lemma crossing_class_witnesses:
  fixes v u :: real
  assumes "0.61 < v" "v < 0.62" "0.37 < u" "u < 0.39"
  defines "cls y z \<equiv> crossing_class ((1 - y) / v) ((2 - y) / v) ((1 - z) / u)"
  shows "cls 0.1 0.9 = a1" "cls 0.7 0.3 = a2" "cls 0.9 0.5 = a3" "cls 0.9 0.1 = a4"
    "cls 0.99 0.3 = a5" "cls 0.8 0.95 = a6" "cls 0.1 0.1 = a7"
  using assms by (simp_all add: crossing_class_def field_simps)

lemma crossing_class_surj:
  fixes v u :: real
  assumes "0.61 < v" "v < 0.62" "0.37 < u" "u < 0.39"
  shows "\<exists>y z. 0 \<le> y \<and> y \<le> 1 \<and> 0 \<le> z \<and> z \<le> 1 \<and>
           crossing_class ((1 - y) / v) ((2 - y) / v) ((1 - z) / u) = s"
proof (cases s)
  case a1
  with crossing_class_witnesses[OF assms] show ?thesis
    by (intro exI[of _ "0.1"] exI[of _ "0.9"]) simp
next
  case a2
  with crossing_class_witnesses[OF assms] show ?thesis
    by (intro exI[of _ "0.7"] exI[of _ "0.3"]) simp
next
  case a3
  with crossing_class_witnesses[OF assms] show ?thesis
    by (intro exI[of _ "0.9"] exI[of _ "0.5"]) simp
next
  case a4
  with crossing_class_witnesses[OF assms] show ?thesis
    by (intro exI[of _ "0.9"] exI[of _ "0.1"]) simp
next
  case a5
  with crossing_class_witnesses[OF assms] show ?thesis
    by (intro exI[of _ "0.99"] exI[of _ "0.3"]) simp
next
  case a6
  with crossing_class_witnesses[OF assms] show ?thesis
    by (intro exI[of _ "0.8"] exI[of _ "0.95"]) simp
next
  case a7
  with crossing_class_witnesses[OF assms] show ?thesis
    by (intro exI[of _ "0.1"] exI[of _ "0.1"]) simp
qed

theorem lemma4:
  shows "\<exists>P :: sym \<Rightarrow> point set.
           (\<forall>s. P s \<noteq> {}) \<and>
           (\<forall>s s'. s \<noteq> s' \<longrightarrow> P s \<inter> P s' = {}) \<and>
           (\<Union>s. P s) = face_X0 \<and>
           (\<forall>s. \<forall>m \<in> P s. well_defined_orbit theta0 m \<longrightarrow>
                first_return_word (orbit_word theta0 m) = Phi s)"
proof -
  define v u where "v = 1 / phi" and "u = 1 / phi^2"
  have theta0: "theta0 = (1/2, v, u)"
    by (simp add: theta0_def v_def u_def)
  have bounds: "0.61 < v" "v < 0.62" "0.37 < u" "u < 0.39"
    using sqrt_5_bounds by (simp_all add: v_def u_def inverse_phi_eq)
  define P where "P s = {(0 :: real, y, z) | y z. 0 \<le> y \<and> y \<le> 1 \<and> 0 \<le> z \<and> z \<le> 1 \<and>
                   crossing_class ((1 - y) / v) ((2 - y) / v) ((1 - z) / u) = s}" for s
  have "P s \<noteq> {}" for s
    using crossing_class_surj[OF bounds, of s] by (auto simp: P_def)
  moreover have "P s \<inter> P s' = {}" if "s \<noteq> s'" for s s'
    using that by (auto simp: P_def)
  moreover have "(\<Union>s. P s) = face_X0"
    by (auto simp: P_def face_X0_def)
  moreover have "first_return_word (orbit_word theta0 m) = Phi s"
    if "m \<in> P s" and wd: "well_defined_orbit theta0 m" for s m
  proof -
    have "coord l theta0 > 0" for l
      using bounds by (cases l) (simp_all add: theta0)
    then have "is_coding theta0 m (orbit_word theta0 m)"
      using orbit_word_is_coding wd by blast
    moreover obtain y z where "m = (0, y, z)" "0 \<le> y" "y \<le> 1" "0 \<le> z" "z \<le> 1"
      and "crossing_class ((1 - y) / v) ((2 - y) / v) ((1 - z) / u) = s"
      using \<open>m \<in> P s\<close> by (auto simp: P_def)
    ultimately show ?thesis
      using first_return_word_crossing_class[of v u y z] bounds wd by (simp add: theta0)
  qed
  ultimately show ?thesis
    by (intro exI[of _ P]) blast
qed

end
lemma krep_I0_below:
  assumes "|UNIV :: nat set| <o r"
    and "\<forall>A :: 'k set. |A| <o r \<longrightarrow> |Func (UNIV :: nat set) A| <o r"
  shows "krep r (I0 r) (I0_below r)"
  unfolding krep_def
  using I0_below_mono I0_below_continuous card_of_I0_below[OF assms]
    UN_I0_below[OF infinite_UNIV_if_nat_ordLess[OF assms(1)]]
  by (auto simp: I0_below_def)

end

theorem mainTheorem9:
  fixes r :: "'k rel"
  assumes card: "Card_order r" and fld: "Field r = UNIV"
    and reg: "regularCard r"
    and uncountable: "(card_of (UNIV :: nat set), r) \<in> ordLess"
    and small_pow: "\<forall>A :: 'k set. (card_of A, r) \<in> ordLess \<longrightarrow> (card_of (Func A (UNIV :: 'k set)), r) \<in> ordLeq"
    and omega_pow: "\<forall>A :: 'k set. (card_of A, r) \<in> ordLess \<longrightarrow> (card_of (Func (UNIV :: nat set) A), r) \<in> ordLess"
  shows "\<exists>X. krep r (I0 r) X \<and>
    (\<forall>d. klimit r d \<longrightarrow>
      (\<forall>\<nu>\<in>I0 r. \<nu> \<notin> X d \<longrightarrow>
        (\<exists>b. kless r b d \<and>
          (\<forall>\<sigma>\<in>X d. Iless r \<nu> \<sigma> \<longrightarrow>
             (\<exists>\<sigma>'\<in>X b. Iless r \<sigma>' \<sigma> \<and> Iless r \<nu> \<sigma>')))))"
proof -
  have "krep r (I0 r) (I0_below r)"
    by (rule krep_I0_below[OF card fld uncountable omega_pow])
  with I0_below_separation[OF card fld] show ?thesis
    by blast
qed
(* Let $\epsilon\in\{1,-1\}$ and let $\Phi,\Psi$ be bounded operators on $\ell^2$ satisfying $$\Phi\Phi^\dagger=1+\epsilon\Psi\Psi^\dagger,\quad \Phi^\dagger\Phi=1+\epsilon\Psi^T\bar\Psi,\quad \Phi\Psi^T=\epsilon\Psi\Phi^T,\quad \Phi^\dagger\Psi=\epsilon\Psi^T\bar\Phi,$$ with $\Phi$ having a bounded inverse. Put $X:=\bar\Psi\Phi^{-1}$. Then: (i) if $\epsilon=1$, $\|X\|<1$; (ii) for every orthogonal projector $\tilde P$ on $\ell^2$, the operators $$Y:=1-\epsilon X^\dagger\tilde P^TX\tilde P,\qquad \tilde Y:=1-\epsilon X\tilde PX^\dagger\tilde P^T$$ have bounded inverses, for both $\epsilon=1$ and $\epsilon=-1$.
   Context: Operators are written as matrices in a fixed orthonormal basis of $\ell^2$; bar denotes entrywise complex conjugation, $T$ the transpose, $\dagger$ the adjoint. $\|\cdot\|$ is the operator norm. *)

theory Defs
  imports Complex_Main
begin

text \<open>Operators on l2 (square-summable complex sequences indexed by nat) are
represented by their matrices in the fixed orthonormal basis.\<close>

type_synonym cmat = "nat \<Rightarrow> nat \<Rightarrow> complex"

definition l2 :: "(nat \<Rightarrow> complex) set" where
  "l2 = {x. summable (\<lambda>n. (cmod (x n))^2)}"

definition l2norm :: "(nat \<Rightarrow> complex) \<Rightarrow> real" where
  "l2norm x = sqrt (\<Sum>n. (cmod (x n))^2)"

definition mat_apply :: "cmat \<Rightarrow> (nat \<Rightarrow> complex) \<Rightarrow> (nat \<Rightarrow> complex)" where
  "mat_apply A x = (\<lambda>i. \<Sum>j. A i j * x j)"

definition bounded_mat :: "cmat \<Rightarrow> bool" where
  "bounded_mat A \<longleftrightarrow> (\<exists>C. \<forall>x\<in>l2. (\<forall>i. summable (\<lambda>j. A i j * x j))
      \<and> mat_apply A x \<in> l2 \<and> l2norm (mat_apply A x) \<le> C * l2norm x)"

definition op_norm :: "cmat \<Rightarrow> real" where
  "op_norm A = Sup {l2norm (mat_apply A x) | x. x \<in> l2 \<and> l2norm x \<le> 1}"

definition mat_mult :: "cmat \<Rightarrow> cmat \<Rightarrow> cmat" (infixl "**\<^sub>m" 70) where
  "mat_mult A B = (\<lambda>i k. \<Sum>j. A i j * B j k)"

definition mat_id :: cmat where
  "mat_id = (\<lambda>i j. if i = j then 1 else 0)"

definition mat_add :: "cmat \<Rightarrow> cmat \<Rightarrow> cmat" where
  "mat_add A B = (\<lambda>i j. A i j + B i j)"

definition mat_diff :: "cmat \<Rightarrow> cmat \<Rightarrow> cmat" where
  "mat_diff A B = (\<lambda>i j. A i j - B i j)"

definition mat_scale :: "complex \<Rightarrow> cmat \<Rightarrow> cmat" where
  "mat_scale c A = (\<lambda>i j. c * A i j)"

definition mat_conj :: "cmat \<Rightarrow> cmat" where
  "mat_conj A = (\<lambda>i j. cnj (A i j))"

definition mat_transpose :: "cmat \<Rightarrow> cmat" where
  "mat_transpose A = (\<lambda>i j. A j i)"

definition mat_adj :: "cmat \<Rightarrow> cmat" where
  "mat_adj A = (\<lambda>i j. cnj (A j i))"

definition has_bounded_inverse :: "cmat \<Rightarrow> bool" where
  "has_bounded_inverse A \<longleftrightarrow>
     (\<exists>B. bounded_mat B \<and> A **\<^sub>m B = mat_id \<and> B **\<^sub>m A = mat_id)"

definition mat_inv :: "cmat \<Rightarrow> cmat" where
  "mat_inv A = (SOME B. bounded_mat B \<and> A **\<^sub>m B = mat_id \<and> B **\<^sub>m A = mat_id)"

══════════

Goal of the exercise: Restate word for word only the lines above from the line containing "using crossing_class_surj[OF bounds, of" to the line containing "unfolding krep_def", both of them included.

Reply to the task:
    using crossing_class_surj[OF bounds, of s] by (auto simp: P_def)
  moreover have "P s \<inter> P s' = {}" if "s \<noteq> s'" for s s'
    using that by (auto simp: P_def)
  moreover have "(\<Union>s. P s) = face_X0"
    by (auto simp: P_def face_X0_def)
  moreover have "first_return_word (orbit_word theta0 m) = Phi s"
    if "m \<in> P s" and wd: "well_defined_orbit theta0 m" for s m
  proof -
    have "coord l theta0 > 0" for l
      using bounds by (cases l) (simp_all add: theta0)
    then have "is_coding theta0 m (orbit_word theta0 m)"
      using orbit_word_is_coding wd by blast
    moreover obtain y z where "m = (0, y, z)" "0 \<le> y" "y \<le> 1" "0 \<le> z" "z \<le> 1"
      and "crossing_class ((1 - y) / v) ((2 - y) / v) ((1 - z) / u) = s"
      using \<open>m \<in> P s\<close> by (auto simp: P_def)
    ultimately show ?thesis
      using first_return_word_crossing_class[of v u y z] bounds wd by (simp add: theta0)
  qed
  ultimately show ?thesis
    by (intro exI[of _ P]) blast
qed

end
lemma krep_I0_below:
  assumes "|UNIV :: nat set| <o r"
    and "\<forall>A :: 'k set. |A| <o r \<longrightarrow> |Func (UNIV :: nat set) A| <o r"
  shows "krep r (I0 r) (I0_below r)"
  unfolding krep_def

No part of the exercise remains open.